Of his decision to lay claim to killing bin Laden, O'Neill told CBS News that "I think it's a difficult secret to keep, […] Everyone was proud. I think it was apparent that we had done it." In 2015, O'Neill and his family were allegedly threatened by the Islamic State of Iraq and the Levant.

On 14 October 2020, US president Donald Trump re-tweeted an unfounded conspiracy theory that suggested Osama bin Laden was still alive and a body double was shot instead. O'Neill, who was a supporter of Trump, responded with a series of tweets, including "It was not a body double. Thank you Mr. President." That same month, CNN published an interview with retired Admiral William H. McRaven, who oversaw Neptune Spear, where he specifically referred to Rob O'Neill as "the SEAL that, in fact, shot bin Laden". As of September 2024, the federal government still had not confirmed O'Neill's account.

===Post-separation===
On 20 August 2020, amid the COVID-19 pandemic, O'Neill tweeted a selfie of himself seated aboard a Delta Air Lines plane without a face mask; it was captioned "I'm not a pussy" and was followed by another that said, "Thank God it wasn't @Delta flying us in when we killed bin Laden ... we weren't wearing masks". He later tweeted that he was banned by Delta.

Saying "I can't believe I fought for this bullshit", O'Neill again took to Twitter in May 2023 to criticize the Navy's alleged unreadiness to combat China because active-duty sailor and drag performer Joshua Kelley had been a "digital ambassador" for the service in 2022.

==Civilian life==
After separating from the US Navy, O'Neill began working as a motivational speaker. In 2015, he became a contributor to the cable news channel Fox News, though had left the company by August 2021, instead appearing on competitor Newsmax TV that October. O'Neill has also published two books:

- "The Operator" (2017)
- With Meyer, Dakota (2022). "The Way Forward"

A fan of the Washington Redskins, O'Neill was able to meet the team a week after his claim of shooting bin Laden was publicized in 2014.

In December 2023, O'Neill held a small share of the Armed Forces Brewing Company in Norfolk, Virginia, and served as its brand ambassador and on its board of directors. His previous comments about Joshua Kelley, and his legal trouble in Frisco, prompted public opposition to a proposed brewery a few miles from Naval Station Norfolk; the planning commission voted four-to-two against recommending the brewery permit. After the company removed O'Neill as the company's director of military services and "toned down [his] public-facing role", the brewery opened in February 2024 and closed 13 months later.

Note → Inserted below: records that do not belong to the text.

(* Let $\mathcal{M}$ be a matroid with $n$ elements and rank $r\geq 1$, with distinct element weights. Consider the following online algorithm, which uses only comparisons between weights of elements already seen. With probability $1/2$, run the classical secretary algorithm (observe the first $\lfloor n/e\rfloor$ elements, then accept the first element heavier than all observed ones). Otherwise: draw $m\sim\mathrm{Bin}(n,1/2)$, call the first $m$ arriving elements the sample, and compute the maximum-weight independent set $A=\{a_1,\dots,a_k\}$ of the sample with $w(a_1)\geq\dots\geq w(a_k)$; choose $\ell\in\{1,3,9,\dots,3^t\}$ uniformly at random, where $t=\lfloor\log_3 r\rfloor$ if $r$ is known, and otherwise $t$ is chosen uniformly from $\{\lfloor\log_3 k\rfloor,\lfloor\log_3 k\rfloor+1\}$; then run the greedy procedure (accept an element if the accepted set stays independent) on the non-sampled elements, as they arrive, that are heavier than $a_\ell$ (on all non-sampled elements if $\ell>k$). Then, in both versions (rank known or unknown), this algorithm is $O(\log r)$-competitive in the zero information model: there is an absolute constant $c$ such that $c\,(1+\log r)\,\mathbb{E}[w(\mathrm{ALG})]\geq w(\mathrm{OPT})$ for every matroid of rank $r$ and every weight assignment.
   Context: Zero information model of the matroid secretary problem: an adversary assigns arbitrary nonnegative weights to the elements; the elements are revealed in uniformly random order; the online algorithm irrevocably accepts or rejects each element on arrival, keeping the accepted set independent. $\mathrm{OPT}$ is a maximum-weight independent set of $\mathcal{M}$ and $w(S)=\sum_{e\in S}w(e)$; the expectation is over the random order and the algorithm's randomness. *)

theory Defs
  imports "HOL-Probability.Probability" "HOL-Combinatorics.Multiset_Permutations"
begin

definition matroid :: "'a set \<Rightarrow> ('a set \<Rightarrow> bool) \<Rightarrow> bool" where
  "matroid E indep \<longleftrightarrow>
     finite E \<and> indep {} \<and> (\<forall>I. indep I \<longrightarrow> I \<subseteq> E) \<and>
     (\<forall>I J. indep J \<and> I \<subseteq> J \<longrightarrow> indep I) \<and>
     (\<forall>I J. indep I \<and> indep J \<and> card I < card J \<longrightarrow> (\<exists>x\<in>J - I. indep (insert x I)))"

definition mrank :: "'a set \<Rightarrow> ('a set \<Rightarrow> bool) \<Rightarrow> nat" where
  "mrank E indep = Max (card ` {I. indep I})"

definition opt_weight :: "'a set \<Rightarrow> ('a set \<Rightarrow> bool) \<Rightarrow> ('a \<Rightarrow> real) \<Rightarrow> real" where
  "opt_weight E indep w = Max ((\<lambda>I. sum w I) ` {I. indep I})"

fun greedy_on :: "('a set \<Rightarrow> bool) \<Rightarrow> 'a set \<Rightarrow> 'a list \<Rightarrow> 'a set" where
  "greedy_on indep S [] = S"
| "greedy_on indep S (x # xs) =
     greedy_on indep (if indep (insert x S) then insert x S else S) xs"

fun greedy_list :: "('a set \<Rightarrow> bool) \<Rightarrow> 'a list \<Rightarrow> 'a list \<Rightarrow> 'a list" where
  "greedy_list indep acc [] = acc"
| "greedy_list indep acc (x # xs) =
     (if indep (insert x (set acc)) then greedy_list indep (acc @ [x]) xs
      else greedy_list indep acc xs)"

text \<open>Maximum-weight independent set of the sample S (list), as a list
  a_1, ..., a_k sorted by decreasing weight (computed by the greedy algorithm
  on the sample sorted by decreasing weight).\<close>
definition sample_mwis :: "('a set \<Rightarrow> bool) \<Rightarrow> ('a \<Rightarrow> real) \<Rightarrow> 'a list \<Rightarrow> 'a list" where
  "sample_mwis indep w S = greedy_list indep [] (rev (sort_key w S))"

text \<open>Classical secretary algorithm on arrival order \<sigma> of n elements: observe the
  first floor(n/e) elements, then accept the first element heavier than all
  observed ones (provided accepting it is feasible, i.e. it is not a loop).\<close>
definition classical_secretary ::
  "('a set \<Rightarrow> bool) \<Rightarrow> ('a \<Rightarrow> real) \<Rightarrow> 'a list \<Rightarrow> 'a set" where
  "classical_secretary indep w \<sigma> =
     (let s = nat \<lfloor>real (length \<sigma>) / exp 1\<rfloor>;
          obs = take s \<sigma>
      in case find (\<lambda>x. \<forall>y\<in>set obs. w y < w x) (drop s \<sigma>) of
           None \<Rightarrow> {}
         | Some x \<Rightarrow> (if indep {x} then {x} else {}))"

text \<open>Second branch, given the arrival order \<sigma>, the sample size m and the
  (1-based) threshold index l.\<close>
definition threshold_greedy ::
  "('a set \<Rightarrow> bool) \<Rightarrow> ('a \<Rightarrow> real) \<Rightarrow> 'a list \<Rightarrow> nat \<Rightarrow> nat \<Rightarrow> 'a set" where
  "threshold_greedy indep w \<sigma> m l =
     (let A = sample_mwis indep w (take m \<sigma>);
          k = length A
      in greedy_on indep {}
           (filter (\<lambda>x. k < l \<or> w (A ! (l - 1)) < w x) (drop m \<sigma>)))"

text \<open>floor(log_3 k) for k \<ge> 1 (and 0 for k = 0).\<close>
definition flog3 :: "nat \<Rightarrow> nat" where
  "flog3 k = nat \<lfloor>log 3 (real k)\<rfloor>"

definition secretary_alg ::
  "bool \<Rightarrow> 'a set \<Rightarrow> ('a set \<Rightarrow> bool) \<Rightarrow> ('a \<Rightarrow> real) \<Rightarrow> 'a set pmf" where
  "secretary_alg known E indep w =
     bind_pmf (pmf_of_set (permutations_of_set E)) (\<lambda>\<sigma>.
     bind_pmf (bernoulli_pmf (1/2)) (\<lambda>b.
       if b then return_pmf (classical_secretary indep w \<sigma>)
       else
       bind_pmf (binomial_pmf (card E) (1/2)) (\<lambda>m.
         let k = length (sample_mwis indep w (take m \<sigma>)) in
         bind_pmf (if known then return_pmf (flog3 (mrank E indep))
                   else pmf_of_set {flog3 k, flog3 k + 1}) (\<lambda>t.
         bind_pmf (pmf_of_set {0..t}) (\<lambda>i.
           return_pmf (threshold_greedy indep w \<sigma> m (3 ^ i)))))))"

end

theory Submission
  imports Defs
begin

On November 4, 2024, O'Neill was criticized online for his sexually charged reply to a tweet by Harry Sisson publicizing five young men's vote for Kamala Harris in the 2024 United States presidential election. To the original tweet stating that "real men support Harris", O'Neill replied: "You're not men. You're boys. If there was no social media, you would be my concubines." He followed up, saying, "These liberal, pussy 'males' will never defend you. I got you .. they don't."

O'Neill has repeatedly promoted a conspiracy theory alleging that Charlie Kirk was killed by a shaped charge instead of a bullet, including during an interview with pro-Hitler commentator Stew Peters.

===Criminal charges===
In 2016, O'Neill was charged in Montana with driving under the influence; prosecutors dropped the charges.

On 23 August 2023, O'Neill was arrested in Frisco, Texas, on "a Class A misdemeanor charge of assault causing bodily injury and a Class C misdemeanor charge of public intoxication" after allegedly assaulting a hotel security guard. He was booked into the Collin County jail, and released on a bond of . In August 2024, O'Neill sued the security guard—Johnny Loomis—for defamation, saying the 2023 claims were fabricated; he also filed suit against Omni Hotels & Resorts for negligence, saying they hired a guard who "lacked adequate qualifications."